Task to carry out: Quote exactly and only this range of lines in the data below: the line that holds "(* Let $X$ be" to the line that holds "text \<open>Paper convention: a", both included.

---- Data supplied

lemma
  fixes P P0 :: "(real^'d) measure"
  assumes P: "P \<in> Q2" and P0: "P0 \<in> Q2" and Q: "Q \<in> couplings P P0"
  shows integrable_coupling_diff: "integrable Q (\<lambda>z. fst z - snd z)"
    and integral_coupling_diff: "(\<integral>z. fst z - snd z \<partial>Q) = mean P - mean P0"
    and integrable_coupling_diff_sq: "integrable Q (\<lambda>z. (norm (fst z - snd z))\<^sup>2)"
proof -
  have borel: "(\<lambda>x::real^'d. x) \<in> borel_measurable borel"
    "(\<lambda>x::real^'d. (norm x)\<^sup>2) \<in> borel_measurable borel"
    "(\<lambda>z::(real^'d) \<times> (real^'d). (norm (fst z - snd z))\<^sup>2) \<in> borel_measurable borel"
    by (auto intro!: borel_measurable_continuous_onI continuous_intros)
  have "integrable Q (\<lambda>z. fst z)" "integrable Q (\<lambda>z. snd z)"
    "(\<integral>z. fst z \<partial>Q) = mean P" "(\<integral>z. snd z \<partial>Q) = mean P0"
    using integrable_coupling_fst[OF Q borel(1)] integrable_coupling_snd[OF Q borel(1)]
      integral_coupling_fst[OF Q borel(1)] integral_coupling_snd[OF Q borel(1)]
      Q2_integrable_id[OF P] Q2_integrable_id[OF P0]
    by (simp_all add: mean_def)
  then show "integrable Q (\<lambda>z. fst z - snd z)" "(\<integral>z. fst z - snd z \<partial>Q) = mean P - mean P0"
    by (simp_all add: Bochner_Integration.integral_diff)
  have "integrable Q (\<lambda>z. 2 * (norm (fst z))\<^sup>2 + 2 * (norm (snd z))\<^sup>2)"
    using integrable_coupling_fst[OF Q borel(2)] integrable_coupling_snd[OF Q borel(2)]
      Q2D(3)[OF P] Q2D(3)[OF P0]
    by simp
  moreover have "(\<lambda>z. (norm (fst z - snd z))\<^sup>2) \<in> borel_measurable Q"
    using Q borel(3) by (simp add: couplings_def borel_measurable_if_sets_eq_borel)
  ultimately show "integrable Q (\<lambda>z. (norm (fst z - snd z))\<^sup>2)"
    by (rule Bochner_Integration.integrable_bound) (simp add: norm_diff_sq_le)
qed
(* Let $X$ be a set, let $R_1,R_2$ be binary relations on $X$, and let $x\in X$. Assume that (1) $R_2$ is well-founded, and (2) there exist a set $B_1\subseteq X$, a well-founded relation $R_1'$ on $X$ and a transitive relation $E_1$ on $X$ such that: (2.i) $x\in B_1$, and for all $a,b\in X$, if $a\in B_1$ and $a \xrightarrow{R_1\cup R_2} b$ then $b\in B_1$; (2.ii) for all $a,b$, if $a\in B_1$ and $a\xrightarrow{R_1} b$ then $a\xrightarrow{R_1'} b$; (2.iii) for all $a,b,c$, if $a\xrightarrow{R_1'} b$ and $b\xrightarrow{E_1} c$ then $a\xrightarrow{R_1'} c$; (2.iv) for all $a,b$, if $a\xrightarrow{R_2} b$ then $a\xrightarrow{E_1} b$. Then $\mathsf{Acc}(R_1\cup R_2, x)$ holds.
   Context: For a relation $R$ on $X$ write $a\xrightarrow{R} b$ for $(a,b)\in R$. $R$ is called well-founded if every element is accessible, i.e. there is no infinite sequence $x_0,x_1,x_2,\dots$ with $x_i\xrightarrow{R}x_{i+1}$ for all $i$. $\mathsf{Acc}(R,x)$ ("$x$ is accessible for $R$") means that every sequence $x=x_0\xrightarrow{R}x_1\xrightarrow{R}\cdots$ starting from $x$ is finite (constructively: the inductive predicate stating that all $R$-successors of $x$ are accessible). *)

theory Defs
  imports Main
begin

text \<open>Paper convention: a pair (a,b) in R means a steps to b (b is an R-successor of a).
  R is well-founded iff there is no infinite forward chain; in Isabelle's convention
  (wf r: no infinite chain with (x_(i+1), x_i) in r) this is wf of the converse.\<close>

definition wf_succ :: "('a \<times> 'a) set \<Rightarrow> bool" where
  "wf_succ R \<longleftrightarrow> wf (R\<inverse>)"

definition Acc :: "('a \<times> 'a) set \<Rightarrow> 'a \<Rightarrow> bool" where
  "Acc R x \<longleftrightarrow> x \<in> Wellfounded.acc (R\<inverse>)"

end

theory Submission
  imports Defs
begin

text \<open>Since \<open>R\<^sub>2\<close> is well-founded, an element is accessible for \<open>R\<^sub>1 \<union> R\<^sub>2\<close> as soon as
  the \<open>R\<^sub>1\<close>-successors of all its \<open>R\<^sub>2\<close>-descendants are. Inside \<open>B\<^sub>1\<close> the \<open>R\<^sub>1\<close>-steps are
  \<open>R\<^sub>1'\<close>-steps, and an \<open>R\<^sub>2\<close>-path after an \<open>R\<^sub>1'\<close>-step \<open>a \<rightarrow> b\<close> stays \<open>R\<^sub>1'\<close>-related to \<open>a\<close>
  because \<open>R\<^sub>2 \<subseteq> E\<^sub>1\<close> and \<open>R\<^sub>1'\<close> absorbs \<open>E\<^sub>1\<close> on the right. So well-founded induction along
  \<open>R\<^sub>1'\<close> shows that every \<open>R\<^sub>1'\<close>-successor in \<open>B\<^sub>1\<close> is accessible, and one more application
  of the first observation gives accessibility of \<open>x\<close>.\<close>

lemma acc_union_if_R2_closed_R1_successors_acc:
  assumes wf_R2: "wf (R2\<inverse>)"
    and "b \<in> D"
    and R2_closed: "\<And>d c. d \<in> D \<Longrightarrow> (d, c) \<in> R2 \<Longrightarrow> c \<in> D"
    and R1_acc: "\<And>d c. d \<in> D \<Longrightarrow> (d, c) \<in> R1 \<Longrightarrow> c \<in> Wellfounded.acc ((R1 \<union> R2)\<inverse>)"
  shows "b \<in> Wellfounded.acc ((R1 \<union> R2)\<inverse>)"
  using wf_R2 \<open>b \<in> D\<close>
proof (induction b rule: wf_induct_rule)
  case (less b)
  show ?case
  proof (rule accI)
    fix c
    assume "(c, b) \<in> (R1 \<union> R2)\<inverse>"
    then consider "(b, c) \<in> R1" | "(b, c) \<in> R2" by blast
    then show "c \<in> Wellfounded.acc ((R1 \<union> R2)\<inverse>)"
    proof cases
      case 1
      then show ?thesis using R1_acc less.prems by blast
    next
      case 2
      then show ?thesis using less.IH R2_closed less.prems by blast
    qed
  qed
qed

lemma acc_union_if_R1_decreasing_on_closed_set:
  assumes wf_R2: "wf (R2\<inverse>)"
    and wf_R1': "wf (R1'\<inverse>)"
    and "x \<in> B"
    and closed: "\<And>a b. a \<in> B \<Longrightarrow> (a, b) \<in> R1 \<union> R2 \<Longrightarrow> b \<in> B"
    and R1_R1': "\<And>a b. a \<in> B \<Longrightarrow> (a, b) \<in> R1 \<Longrightarrow> (a, b) \<in> R1'"
    and R1'_E: "\<And>a b c. (a, b) \<in> R1' \<Longrightarrow> (b, c) \<in> E \<Longrightarrow> (a, c) \<in> R1'"
    and R2_E: "\<And>a b. (a, b) \<in> R2 \<Longrightarrow> (a, b) \<in> E"
  shows "x \<in> Wellfounded.acc ((R1 \<union> R2)\<inverse>)"
proof -
  have R1'_successors_acc: "b \<in> Wellfounded.acc ((R1 \<union> R2)\<inverse>)"
    if "b \<in> B" "(a, b) \<in> R1'" for a b
    using wf_R1' that
  proof (induction a arbitrary: b rule: wf_induct_rule)
    case (less a)
    let ?D = "{d \<in> B. (a, d) \<in> R1'}"
    show ?case
    proof (rule acc_union_if_R2_closed_R1_successors_acc[OF wf_R2, where D = ?D])
      show "\<And>d c. d \<in> ?D \<Longrightarrow> (d, c) \<in> R2 \<Longrightarrow> c \<in> ?D"
        using closed R1'_E R2_E by blast
      show "\<And>d c. d \<in> ?D \<Longrightarrow> (d, c) \<in> R1 \<Longrightarrow> c \<in> Wellfounded.acc ((R1 \<union> R2)\<inverse>)"
        using less.IH closed R1_R1' by blast
    qed (use less.prems in blast)
  qed
  show ?thesis
    by (rule acc_union_if_R2_closed_R1_successors_acc[OF wf_R2, where D = B])
      (use \<open>x \<in> B\<close> closed R1_R1' R1'_successors_acc in blast)+
qed

theorem proposition1:
  fixes R1 R2 :: "('a \<times> 'a) set" and x :: 'a
  assumes "wf_succ R2"
    and "\<exists>B1 R1' E1.
           wf_succ R1' \<and> trans E1 \<and>
           x \<in> B1 \<and> (\<forall>a b. a \<in> B1 \<and> (a, b) \<in> R1 \<union> R2 \<longrightarrow> b \<in> B1) \<and>
           (\<forall>a b. a \<in> B1 \<and> (a, b) \<in> R1 \<longrightarrow> (a, b) \<in> R1') \<and>
           (\<forall>a b c. (a, b) \<in> R1' \<and> (b, c) \<in> E1 \<longrightarrow> (a, c) \<in> R1') \<and>
           (\<forall>a b. (a, b) \<in> R2 \<longrightarrow> (a, b) \<in> E1)"
  shows "Acc (R1 \<union> R2) x"
proof -
  from assms(2) obtain B1 R1' E1 where
    "wf_succ R1'" "x \<in> B1"
    "\<forall>a b. a \<in> B1 \<and> (a, b) \<in> R1 \<union> R2 \<longrightarrow> b \<in> B1"
    "\<forall>a b. a \<in> B1 \<and> (a, b) \<in> R1 \<longrightarrow> (a, b) \<in> R1'"
    "\<forall>a b c. (a, b) \<in> R1' \<and> (b, c) \<in> E1 \<longrightarrow> (a, c) \<in> R1'"
    "\<forall>a b. (a, b) \<in> R2 \<longrightarrow> (a, b) \<in> E1"
    by blast
  then have "x \<in> Wellfounded.acc ((R1 \<union> R2)\<inverse>)"
    using assms(1) by (intro acc_union_if_R1_decreasing_on_closed_set[where R1' = R1' and E = E1])
      (auto simp: wf_succ_def)
  then show ?thesis
    by (simp add: Acc_def)
qed

end
(* In the Poisson-gamma DNN model with h-likelihood $h$ as in the context, fix $\boldsymbol\theta=(\mathbf w,\boldsymbol\beta,\lambda)$ with $\lambda>0$, and let $\mu_{i+}=\sum_{j=1}^{q_i}\mu_{ij}^m$. Then: (i) $h(\boldsymbol\theta,\cdot)$ has a unique maximizer $\widetilde{\mathbf v}=(\widetilde v_1,\dots,\widetilde v_n)$ over $\mathbb R^n$, given by $\widetilde v_i=\log\dfrac{y_{i+}+\lambda^{-1}}{\mu_{i+}+\lambda^{-1}}$; this is also the maximizer of $\mathbf v\mapsto\log f_{\boldsymbol\theta}(\mathbf v\mid\mathbf y)$; (ii) $h(\boldsymbol\theta,\widetilde{\mathbf v})=\ell(\boldsymbol\theta;\mathbf y)$, where $\ell(\boldsymbol\theta;\mathbf y)=\log\int\exp\{\ell_e(\boldsymbol\theta,\mathbf v)\}\,d\mathbf v$ is the marginal log-likelihood; consequently $(\widehat{\boldsymbol\theta},\widehat{\mathbf v})$ maximizes $h$ jointly if and only if $\widehat{\boldsymbol\theta}$ maximizes $\ell(\cdot;\mathbf y)$ and $\widehat{\mathbf v}=\widetilde{\mathbf v}(\widehat{\boldsymbol\theta})$; (iii) $\exp(\widetilde v_i)=E(u_i\mid\mathbf y_i)$ and $\exp(\widetilde v_i)\mu_{ij}^m=E(\mu_{ij}^c\mid\mathbf y)$, where $\mathbf y_i=(y_{i1},\dots,y_{iq_i})$.
   Context: Data: counts $y_{ij}\in\{0,1,2,\dots\}$ with input vectors $\mathbf x_{ij}\in\mathbb R^p$, for subjects $i=1,\dots,n$ and $j=1,\dots,q_i$. Neural network predictor: $\mathrm{NN}(\mathbf x;\mathbf w,\boldsymbol\beta)=\sum_{k=1}^{p_L}g_k(\mathbf x;\mathbf w)\beta_k+\beta_0$, where $g_k(\cdot;\mathbf w)$ are arbitrary functions (last hidden layer nodes) parametrized by $\mathbf w$, and $\boldsymbol\beta=(\beta_0,\dots,\beta_{p_L})$. Marginal mean $\mu_{ij}^m=\exp\{\mathrm{NN}(\mathbf x_{ij};\mathbf w,\boldsymbol\beta)\}$. Poisson-gamma DNN: $u_1,\dots,u_n$ i.i.d. $\mathrm{Gamma}(\lambda^{-1},\lambda^{-1})$ (shape $\lambda^{-1}$, rate $\lambda^{-1}$, so $E u_i=1$, $\mathrm{var}\,u_i=\lambda$), $v_i=\log u_i$, and conditionally on $\mathbf u$ the $y_{ij}$ are independent with $y_{ij}\mid u_i\sim\mathrm{Poisson}(\mu_{ij}^c)$, $\mu^c_{ij}=\mu^m_{ij}u_i=\exp\{\mathrm{NN}(\mathbf x_{ij};\mathbf w,\boldsymbol\beta)+v_i\}$. Fixed parameters $\boldsymbol\theta=(\mathbf w,\boldsymbol\beta,\lambda)$. Extended likelihood $\ell_e(\boldsymbol\theta,\mathbf v)=\sum_{i,j}\log f_{\boldsymbol\theta}(y_{ij}\mid v_i)+\sum_i\log f_{\boldsymbol\theta}(v_i)$, where $f_{\boldsymbol\theta}(y_{ij}\mid v_i)$ is the Poisson pmf with mean $\mu_{ij}^c$ and $f_{\boldsymbol\theta}(v_i)$ is the density of $v_i=\log u_i$, i.e. $\log f_{\boldsymbol\theta}(v_i)=(v_i-e^{v_i})/\lambda-\lambda^{-1}\log\lambda-\log\Gamma(\lambda^{-1})$. With $y_{i+}=\sum_{j=1}^{q_i}y_{ij}$, let $c_i(\lambda;y_{i+})=(y_{i+}+\lambda^{-1})+\log\Gamma(y_{i+}+\lambda^{-1})-(y_{i+}+\lambda^{-1})\log(y_{i+}+\lambda^{-1})$. The h-likelihood is $h(\boldsymbol\theta,\mathbf v)=\ell_e(\boldsymbol\theta,\mathbf v)+\sum_{i=1}^n c_i(\lambda;y_{i+})$. *)

theory Defs
  imports "HOL-Analysis.Analysis"
begin

text \<open>Subjects are indexed by a finite type 'n (n = CARD('n)),
  observations of subject i by j < q i. Inputs live in real^'p. The last hidden layer nodes
  are arbitrary functions g k x w (k = 1..pL) parametrised by w :: 'w.\<close>

type_synonym ('w) param = "'w \<times> (nat \<Rightarrow> real) \<times> real"

definition NN :: "(nat \<Rightarrow> real^'p \<Rightarrow> 'w \<Rightarrow> real) \<Rightarrow> nat \<Rightarrow> real^'p \<Rightarrow> 'w \<Rightarrow> (nat \<Rightarrow> real) \<Rightarrow> real" where
  "NN g pL x w \<beta> = (\<Sum>k=1..pL. g k x w * \<beta> k) + \<beta> 0"

definition mu_m :: "(nat \<Rightarrow> real^'p \<Rightarrow> 'w \<Rightarrow> real) \<Rightarrow> nat \<Rightarrow> ('n \<Rightarrow> nat \<Rightarrow> real^'p) \<Rightarrow> 'w param \<Rightarrow> 'n \<Rightarrow> nat \<Rightarrow> real" where
  "mu_m g pL xs \<theta> i j = (case \<theta> of (w, \<beta>, lam) \<Rightarrow> exp (NN g pL (xs i j) w \<beta>))"

definition mu_c :: "(nat \<Rightarrow> real^'p \<Rightarrow> 'w \<Rightarrow> real) \<Rightarrow> nat \<Rightarrow> ('n \<Rightarrow> nat \<Rightarrow> real^'p) \<Rightarrow> 'w param \<Rightarrow> 'n \<Rightarrow> nat \<Rightarrow> real \<Rightarrow> real" where
  "mu_c g pL xs \<theta> i j t = (case \<theta> of (w, \<beta>, lam) \<Rightarrow> exp (NN g pL (xs i j) w \<beta> + t))"

definition poisson_pmf_val :: "real \<Rightarrow> nat \<Rightarrow> real" where
  "poisson_pmf_val \<mu> k = exp (- \<mu>) * \<mu> ^ k / fact k"

text \<open>log density of v = log u, u ~ Gamma(shape 1/lambda, rate 1/lambda)\<close>
definition log_f_v :: "real \<Rightarrow> real \<Rightarrow> real" where
  "log_f_v lam t = (t - exp t) / lam - (1 / lam) * ln lam - ln (Gamma (1 / lam))"
(* Let $b>1$ be an integer, let $H$ be a generalized $b$-happy function with digit mean $\mu$ and digit standard deviation $\sigma$, and let $C\subseteq\mathbb{N}$. Suppose $I$ is an $n$-strict interval with type-$C$ density $d$, where the positive integer $n$ satisfies bound (B): (B1) $4\left(1+3\mu+\sqrt{2}\,\sigma\, b^{5n/8}\right)\le b^{n-1}$, (B2) $\sqrt{3\mu b}\,\sigma\le b^{3n/8}$, (B3) $4\mu\left(3\mu+1+b^{3n/4}+2\sigma\mu^{-1/2}b^{5n/8}\right)\le b^{n-1}$. Then there exist an integer $n_2\ge \frac{b^{n-1}}{\mu}$ and an $n_2$-strict interval $I_2$ whose type-$C$ density is at least $$d\left(1-b^{-n/4}\right)\left(1-\frac{2\sigma}{\sqrt{\mu}}b^{-n/8}\right).$$
   Context: A generalized $b$-happy function: fix an integer $b>1$ and non-negative integers $h(0),\dots,h(b-1)$ with $h(0)=0$, $h(1)=1$; for $n=\sum_{i=0}^k a_ib^i$ in base $b$, $H(n)=\sum_{i=0}^k h(a_i)$. Digit mean $\mu=\frac1b\sum_{j=0}^{b-1}h(j)$, digit variance $\sigma^2=\frac1b\sum_{j=0}^{b-1}(h(j)-\mu)^2$. An integer $n$ is type-$C$ if $H^k(n)\in C$ for some integer $k\ge0$. An integer interval $[a,c]$ is the set of integers $x$ with $a\le x\le c$; $|I|$ is its cardinality. The type-$C$ density of a finite nonempty integer interval $I$ is $|\{n\in I:n\text{ type-}C\}|/|I|$. For a positive integer $m$, an integer interval $I$ is $m$-strict if $I\subseteq[b^{m-1},b^m-1]$ and $|I|=b^{3m/4}$. *)

theory Defs
  imports Complex_Main
begin

text \<open>Since h 0 = 0, summing over
  the positions 0..n (which include all digits of n since n < b^(n+1)) is exact.\<close>

definition gen_happy :: "nat \<Rightarrow> (nat \<Rightarrow> nat) \<Rightarrow> nat \<Rightarrow> nat" where
  "gen_happy b h n = (\<Sum>i\<le>n. h (n div b ^ i mod b))"

definition is_happy_digit_fun :: "nat \<Rightarrow> (nat \<Rightarrow> nat) \<Rightarrow> bool" where
  "is_happy_digit_fun b h \<longleftrightarrow> b > 1 \<and> h 0 = 0 \<and> h 1 = 1"

definition digit_mean :: "nat \<Rightarrow> (nat \<Rightarrow> nat) \<Rightarrow> real" where
  "digit_mean b h = (1 / real b) * (\<Sum>j<b. real (h j))"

--------

Finished exercise:
(* Let $X$ be a set, let $R_1,R_2$ be binary relations on $X$, and let $x\in X$. Assume that (1) $R_2$ is well-founded, and (2) there exist a set $B_1\subseteq X$, a well-founded relation $R_1'$ on $X$ and a transitive relation $E_1$ on $X$ such that: (2.i) $x\in B_1$, and for all $a,b\in X$, if $a\in B_1$ and $a \xrightarrow{R_1\cup R_2} b$ then $b\in B_1$; (2.ii) for all $a,b$, if $a\in B_1$ and $a\xrightarrow{R_1} b$ then $a\xrightarrow{R_1'} b$; (2.iii) for all $a,b,c$, if $a\xrightarrow{R_1'} b$ and $b\xrightarrow{E_1} c$ then $a\xrightarrow{R_1'} c$; (2.iv) for all $a,b$, if $a\xrightarrow{R_2} b$ then $a\xrightarrow{E_1} b$. Then $\mathsf{Acc}(R_1\cup R_2, x)$ holds.
   Context: For a relation $R$ on $X$ write $a\xrightarrow{R} b$ for $(a,b)\in R$. $R$ is called well-founded if every element is accessible, i.e. there is no infinite sequence $x_0,x_1,x_2,\dots$ with $x_i\xrightarrow{R}x_{i+1}$ for all $i$. $\mathsf{Acc}(R,x)$ ("$x$ is accessible for $R$") means that every sequence $x=x_0\xrightarrow{R}x_1\xrightarrow{R}\cdots$ starting from $x$ is finite (constructively: the inductive predicate stating that all $R$-successors of $x$ are accessible). *)

theory Defs
  imports Main
begin

text \<open>Paper convention: a pair (a,b) in R means a steps to b (b is an R-successor of a).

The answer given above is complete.